Personally, I’m not sure that it is, at least not from a digital data security standpoint: only 8% of data breaches are attributed to lost or stolen hardware. I don’t know whether this figure excludes data that was protected with encryption software. Regardless, it’s an impressive feat considering that in other developed countries, the rates are much, much higher.
Different Laws, Different Definitions of a Data Breach
Different countries (and – depending on the country – different counties, states, prefectures, and other regional government bodies) could have their own definition of what constitutes a data breach.
While I haven’t found any UK legislation that specifically states that the loss of encrypted data does not constitute an information security breach, the ICO has brought numerous actions against organizations that didn’t use encryption. The writing is very clear: in the UK, the loss of encrypted data is not a data breach. That is, assuming the password to accessing the secured data wasn’t lost in tandem.
This differs markedly from, say, New York’s position on encrypted data. Under state law, even encrypted data is classified as a data breach. In Massachusetts and Nevada, it’s not. Neither is it in California. Indeed, most US states have a safe harbor provision for encrypted data. Three have no provisions whatsoever – they don’t have a data security or privacy law in their books – and some have made the terrible decision to accept the use of password-protection as proper data security.
8%? That’s Not Bad at All
We could discuss about different laws until the cows come home, but the really interesting thing about ViaSat’s conclusion is this:
The most common form of data breach, at 48 per cent, involved the sending of information to the wrong recipient. Lost or stolen paperwork followed, making up 16 per cent of reports, while lost or stolen hardware accounted for 8 per cent.

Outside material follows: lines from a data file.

(* Let $X=([0,2]_{\mathbb{Z}}\times[0,2]_{\mathbb{Z}})\cup([2,4]_{\mathbb{Z}}\times[0,3]_{\mathbb{Z}})\subset\mathbb{Z}^2$. Then $$A'=\{(0,0),(4,0),(4,3),(2,3),(0,2)\}$$ is a minimal freezing set for $(X,c_1)$.
   Context: $[a,b]_{\mathbb{Z}}=\{k\in\mathbb{Z}: a\le k\le b\}$. For $x\neq y$ in $\mathbb{Z}^2$, $x,y$ are $c_1$-adjacent if they differ by 1 in exactly one coordinate and agree in the other. $f:X\to X$ is $c_1$-continuous ($f\in C(X,c_1)$) if whenever $x,x'$ are $c_1$-adjacent, $f(x)$ and $f(x')$ are equal or $c_1$-adjacent. $\mathrm{Fix}(f)=\{x:f(x)=x\}$. $A\subset X$ is a freezing set for $(X,c_1)$ if every $f\in C(X,c_1)$ with $A\subset\mathrm{Fix}(f)$ is the identity on $X$; it is minimal if no proper subset of $A$ is a freezing set. *)

theory Defs
  imports Main
begin

type_synonym pt = "int \<times> int"

definition c1_adj :: "pt \<Rightarrow> pt \<Rightarrow> bool" where
  "c1_adj x y \<longleftrightarrow> x \<noteq> y \<and>
     ((fst x = fst y \<and> \<bar>snd x - snd y\<bar> = 1) \<or> (snd x = snd y \<and> \<bar>fst x - fst y\<bar> = 1))"

text \<open>Continuous self-maps of (X, c1); only values on X matter.\<close>
definition c1_continuous :: "pt set \<Rightarrow> (pt \<Rightarrow> pt) \<Rightarrow> bool" where
  "c1_continuous X f \<longleftrightarrow> (\<forall>x\<in>X. f x \<in> X) \<and>
     (\<forall>x\<in>X. \<forall>y\<in>X. c1_adj x y \<longrightarrow> (f x = f y \<or> c1_adj (f x) (f y)))"

definition freezing_set :: "pt set \<Rightarrow> pt set \<Rightarrow> bool" where
  "freezing_set X A \<longleftrightarrow> A \<subseteq> X \<and>
     (\<forall>f. c1_continuous X f \<longrightarrow> (\<forall>a\<in>A. f a = a) \<longrightarrow> (\<forall>x\<in>X. f x = x))"

definition minimal_freezing_set :: "pt set \<Rightarrow> pt set \<Rightarrow> bool" where
  "minimal_freezing_set X A \<longleftrightarrow> freezing_set X A \<and> (\<forall>B. B \<subset> A \<longrightarrow> \<not> freezing_set X B)"

end

theory Submission
  imports Defs
begin

text \<open>Every continuous self-map is taxicab non-expanding towards each of its fixed points from
  which the space is reachable along shortest c1-paths. Fixing the corners (0,0), (4,3), (4,0)
  and (0,2) of the region preserves x + y exactly and then, off the top row, pins down each point;
  the top row (3,3) is pinned by its distance to (4,3) and its neighbour (2,3). For minimality,
  each of the five points can be moved to an adjacent point by a continuous map fixing all others.\<close>

definition taxicab_dist :: "pt \<Rightarrow> pt \<Rightarrow> int" where
  "taxicab_dist p q = \<bar>fst p - fst q\<bar> + \<bar>snd p - snd q\<bar>"

lemma c1_adj_sym: "c1_adj x y \<Longrightarrow> c1_adj y x"
  unfolding c1_adj_def by auto

lemma taxicab_dist_le_if_adj: "x = y \<or> c1_adj x y \<Longrightarrow> taxicab_dist x c \<le> taxicab_dist y c + 1"
  unfolding c1_adj_def taxicab_dist_def by auto

definition c1_geodesic_to :: "pt set \<Rightarrow> pt \<Rightarrow> bool" where
  "c1_geodesic_to X c \<longleftrightarrow>
     (\<forall>p\<in>X. p \<noteq> c \<longrightarrow> (\<exists>q\<in>X. c1_adj p q \<and> taxicab_dist q c + 1 = taxicab_dist p c))"

lemma c1_continuous_dist_to_fixed_le:
  assumes cont: "c1_continuous X f" and fixed: "f c = c" and geo: "c1_geodesic_to X c"
    and "p \<in> X"
  shows "taxicab_dist (f p) c \<le> taxicab_dist p c"
  using \<open>p \<in> X\<close>
proof (induction "nat (taxicab_dist p c)" arbitrary: p rule: less_induct)
  case less
  show ?case
  proof (cases "p = c")
    case True
    then show ?thesis using fixed by simp
  next
    case False
    then obtain q where q: "q \<in> X" "c1_adj p q" "taxicab_dist q c + 1 = taxicab_dist p c"
      using geo less.prems unfolding c1_geodesic_to_def by blast
    have "0 \<le> taxicab_dist q c" by (simp add: taxicab_dist_def)
    with q(3) have "taxicab_dist (f q) c \<le> taxicab_dist q c"
      using less.hyps q(1) by simp
    moreover have "f p = f q \<or> c1_adj (f p) (f q)"
      using cont q less.prems unfolding c1_continuous_def by blast
    then have "taxicab_dist (f p) c \<le> taxicab_dist (f q) c + 1"
      by (rule taxicab_dist_le_if_adj)
    ultimately show ?thesis using q(3) by linarith
  qed
qed

lemma freezing_set_mono:
  "freezing_set X B \<Longrightarrow> B \<subseteq> C \<Longrightarrow> C \<subseteq> X \<Longrightarrow> freezing_set X C"
  unfolding freezing_set_def by blast

lemma minimal_freezing_setI:
  assumes "freezing_set X A" and "\<And>a. a \<in> A \<Longrightarrow> \<not> freezing_set X (A - {a})"
  shows "minimal_freezing_set X A"
  unfolding minimal_freezing_set_def
proof (intro conjI allI impI notI)
  show "freezing_set X A" by fact
next
  fix B assume "B \<subset> A" and "freezing_set X B"
  then obtain a where "a \<in> A" "B \<subseteq> A - {a}" by blast
  moreover have "A \<subseteq> X" using assms(1) unfolding freezing_set_def by blast
  ultimately show False
    using assms(2) freezing_set_mono[OF \<open>freezing_set X B\<close>] by blast
qed

lemma not_freezing_if_moved:
  assumes "c1_continuous X g" "a \<in> X" "g a \<noteq> a" "\<forall>b\<in>B. g b = b"
  shows "\<not> freezing_set X B"
  using assms unfolding freezing_set_def by blast

lemma c1_continuous_id_upd:
  assumes "b \<in> X" and "\<forall>y\<in>X. c1_adj a y \<longrightarrow> y = b \<or> c1_adj b y"
  shows "c1_continuous X (id(a := b))"
  unfolding c1_continuous_def
proof (intro conjI ballI impI)
  fix x y assume "x \<in> X" "y \<in> X" "c1_adj x y"
  moreover have "x \<noteq> y" using \<open>c1_adj x y\<close> unfolding c1_adj_def by simp
  ultimately show "(id(a := b)) x = (id(a := b)) y \<or> c1_adj ((id(a := b)) x) ((id(a := b)) y)"
    using assms(2) c1_adj_sym by (metis fun_upd_apply id_apply)
qed (use assms(1) in auto)

abbreviation region :: "pt set" where
  "region \<equiv> ({0..2} \<times> {0..2}) \<union> ({2..4} \<times> {0..3})"

lemma region_eq: "region = {(0,0),(0,1),(0,2),(1,0),(1,1),(1,2),(2,0),(2,1),(2,2),(2,3),
   (3,0),(3,1),(3,2),(3,3),(4,0),(4,1),(4,2),(4,3)}"
proof -
  have "{0..2::int} = {0,1,2}" "{2..4::int} = {2,3,4}" "{0..3::int} = {0,1,2,3}" by auto
  then show ?thesis by auto
qed

lemma region_c1_geodesic_to:
  "c \<in> {(0,0),(4,3),(4,0),(0,2)} \<Longrightarrow> c1_geodesic_to region c"
  unfolding c1_geodesic_to_def region_eq by (auto simp: c1_adj_def taxicab_dist_def)

lemma region_bounds: "p \<in> region \<Longrightarrow> 0 \<le> fst p \<and> fst p \<le> 4 \<and> 0 \<le> snd p \<and> snd p \<le> 3"
  by auto

lemma region_fixed_below_top_row:
  assumes cont: "c1_continuous region f"
    and fixed: "\<forall>c\<in>{(0,0),(4,3),(4,0),(0,2)}. f c = c"
    and q: "q \<in> region" "snd q \<noteq> 3"
  shows "f q = q"
proof -
  have dist_le: "taxicab_dist (f q) c \<le> taxicab_dist q c" if "c \<in> {(0,0),(4,3),(4,0),(0,2)}" for c
    using c1_continuous_dist_to_fixed_le[OF cont _ region_c1_geodesic_to[OF that] q(1)]
      fixed that by blast
  obtain x y x' y' where xy: "q = (x, y)" and xy': "f q = (x', y')" by fastforce
  have "f q \<in> region" using cont q(1) unfolding c1_continuous_def by blast
  then have bounds: "0 \<le> x" "x \<le> 4" "0 \<le> y" "y \<le> 2" "0 \<le> x'" "x' \<le> 4" "0 \<le> y'" "y' \<le> 3"
    using region_bounds q xy xy' by force+
  have "x' + y' \<le> x + y" "(4 - x') + (3 - y') \<le> (4 - x) + (3 - y)"
    "(4 - x') + y' \<le> (4 - x) + y" "x' + \<bar>y' - 2\<bar> \<le> x + (2 - y)"
    using dist_le[of "(0,0)"] dist_le[of "(4,3)"] dist_le[of "(4,0)"] dist_le[of "(0,2)"]
      bounds unfolding xy' unfolding xy taxicab_dist_def by simp_all
  then have "x' = x" "y' = y" using bounds by linarith+
  then show ?thesis using xy xy' by simp
qed

lemma region_freezing: "freezing_set region {(0,0), (4,0), (4,3), (2,3), (0,2)}"
  unfolding freezing_set_def
proof (intro conjI allI impI ballI)
  fix f p
  assume cont: "c1_continuous region f"
    and fixed: "\<forall>a\<in>{(0,0), (4,0), (4,3), (2,3), (0,2)}. f a = a" and p: "p \<in> region"
  have corners: "\<forall>c\<in>{(0,0),(4,3),(4,0),(0,2)}. f c = c" using fixed by auto
  have "f (3,3) = (3,3)"
  proof -
    have "taxicab_dist (f (3,3)) (4,3) \<le> 1"
      using c1_continuous_dist_to_fixed_le[OF cont _ region_c1_geodesic_to, of "(4,3)" "(3,3)"]
        fixed by (auto simp: taxicab_dist_def)
    moreover have "f (3,3) = f (2,3) \<or> c1_adj (f (3,3)) (f (2,3))"
      using cont unfolding c1_continuous_def by (simp add: c1_adj_def)
    ultimately show ?thesis
      using fixed by (cases "f (3,3)") (auto simp: taxicab_dist_def c1_adj_def abs_if split: if_splits)
  qed
  moreover have "p = (2,3) \<or> p = (3,3) \<or> p = (4,3)" if "snd p = 3" using p that by auto
  ultimately show "f p = p"
    using region_fixed_below_top_row[OF cont corners p] fixed by (cases "snd p = 3") auto
qed auto

lemma region_minus_point_not_freezing:
  assumes "a \<in> {(0,0), (4,0), (4,3), (2,3), (0,2)}"
  shows "\<not> freezing_set region ({(0,0), (4,0), (4,3), (2,3), (0,2)} - {a})"
proof -
  define b :: pt where "b = (if snd a = 3 then (3, 2) else (if fst a = 0 then 1 else 3, 1))"
  have b: "b \<in> region" "b \<noteq> a" "\<forall>y\<in>region. c1_adj a y \<longrightarrow> y = b \<or> c1_adj b y"
    using assms unfolding b_def
    by (elim insertE; simp add: region_eq c1_adj_def)+
  show ?thesis
    by (rule not_freezing_if_moved[OF c1_continuous_id_upd[OF b(1,3)], of a])
      (use assms b(2) in auto)
qed

theorem mainTheorem3:
  shows "minimal_freezing_set
     (({0..2} \<times> {0..2}) \<union> ({2..4} \<times> {0..3}))
     {(0,0), (4,0), (4,3), (2,3), (0,2)}"
  using region_freezing region_minus_point_not_freezing by (rule minimal_freezing_setI)

end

The data breach rate for hardware is extremely low. In the US, and in most post-industrial countries, the rates tend to be not only in the double-digits, but sometimes well over 20%. That the UK is seeing an 8% rate can only mean two things: (1) they’ve succeeded in convincing people to use proper security on their hardware or (2) people are not reporting their digital data breaches to the ICO. The latter would be very puzzling, though, seeing how they do report it for paper documents. Why report one but not the other?

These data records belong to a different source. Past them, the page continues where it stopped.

lemma taylor_nonneg_of_roots_le:
  assumes roots: "quartic_roots b1 b2 b3 b4 t1 t2 t3 t4"
    and le: "t1 \<le> p" "t2 \<le> p" "t3 \<le> p" "t4 \<le> p"
  shows "taylor_nonneg_at b1 b2 b3 b4 p"
  using le unfolding taylor_nonneg_at_def quartic_roots_deriv3[OF roots] quartic_roots_deriv2[OF roots]
    quartic_roots_deriv[OF roots] quartic_roots_eval[OF roots]
  by (simp add: add_nonneg_nonneg mult_nonneg_nonneg)

lemma quartic_zero_of_taylor_vanishes:
  assumes roots: "quartic_roots b1 b2 b3 b4 t1 t2 t3 t4"
    and le: "t1 \<le> p" "t2 \<le> p" "t3 \<le> p" "t4 \<le> p"
    and vanishes: "taylor_vanishes_at b1 b2 b3 b4 p"
  shows "quartic b1 b2 b3 b4 p = 0"
proof (rule ccontr)
  assume "quartic b1 b2 b3 b4 p \<noteq> 0"
  then have "p - t1 > 0" "p - t2 > 0" "p - t3 > 0" "p - t4 > 0"
    using le by (auto simp: quartic_roots_eval[OF roots])
  then have "quartic_deriv3 b1 p > 0" "quartic_deriv2 b1 b2 p > 0" "quartic_deriv b1 b2 b3 p > 0"
    unfolding quartic_roots_deriv3[OF roots] quartic_roots_deriv2[OF roots] quartic_roots_deriv[OF roots]
    by (simp_all add: add_pos_pos)
  with vanishes \<open>quartic b1 b2 b3 b4 p \<noteq> 0\<close> show False by (auto simp: taylor_vanishes_at_def)
qed

lemma root_le_of_taylor_nonneg:
  assumes "taylor_nonneg_at b1 b2 b3 b4 p" and "quartic b1 b2 b3 b4 t = 0"
  shows "t \<le> p"
proof (rule ccontr)
  assume "\<not> t \<le> p"
  then have "t - p > 0" by simp
  then have "quartic b1 b2 b3 b4 (p + (t - p)) > 0"
    using assms(1) unfolding quartic_taylor taylor_nonneg_at_def
    by (intro add_pos_nonneg mult_nonneg_nonneg) auto
  with assms(2) show False by simp
qed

Also, consider this: if the 8% figure includes incidences where data encryption software was used, then the actual breach rate is even lower. Regardless, it’s low overall.
That’s an enviable number, regardless of how you slice it.
11% Increase in Reported Breaches
Also enviable? The 11% increase in breaches reported year-over-year. Yeah, ideally we want to see the number decrease – heck, we want to see the number at 0%. But a growth rate that’s barely broken the single digits is not so bad.
Such growth could be attributed to something other than increased security events. For example, perhaps people are now more cognizant of the fact that lost paperwork, or that “sending information” to the wrong person (I get the feeling that most of these are instances of sending email to the wrong address), also constitutes a reportable security incident.
Overall, it seems that the ICO’s past actions are paying dividends. Let’s not forget what the ICO has said in the past: that they use monetary fines in the most egregious offenses, not only as form of punishment but also as a way of signaling to others what is not acceptable.
Twice Bitten, Four Times Shy?
Also to be taken into consideration is that, in 2013, the ICO lost a couple of high-profile cases involving the handing out of monetary penalties, as detailed in out-law.com. Of course, there were also plenty of appeals where the courts held the ICO’s hand as well, but once they put the kibosh on one aspect of your operations, you tend to become more circumspect.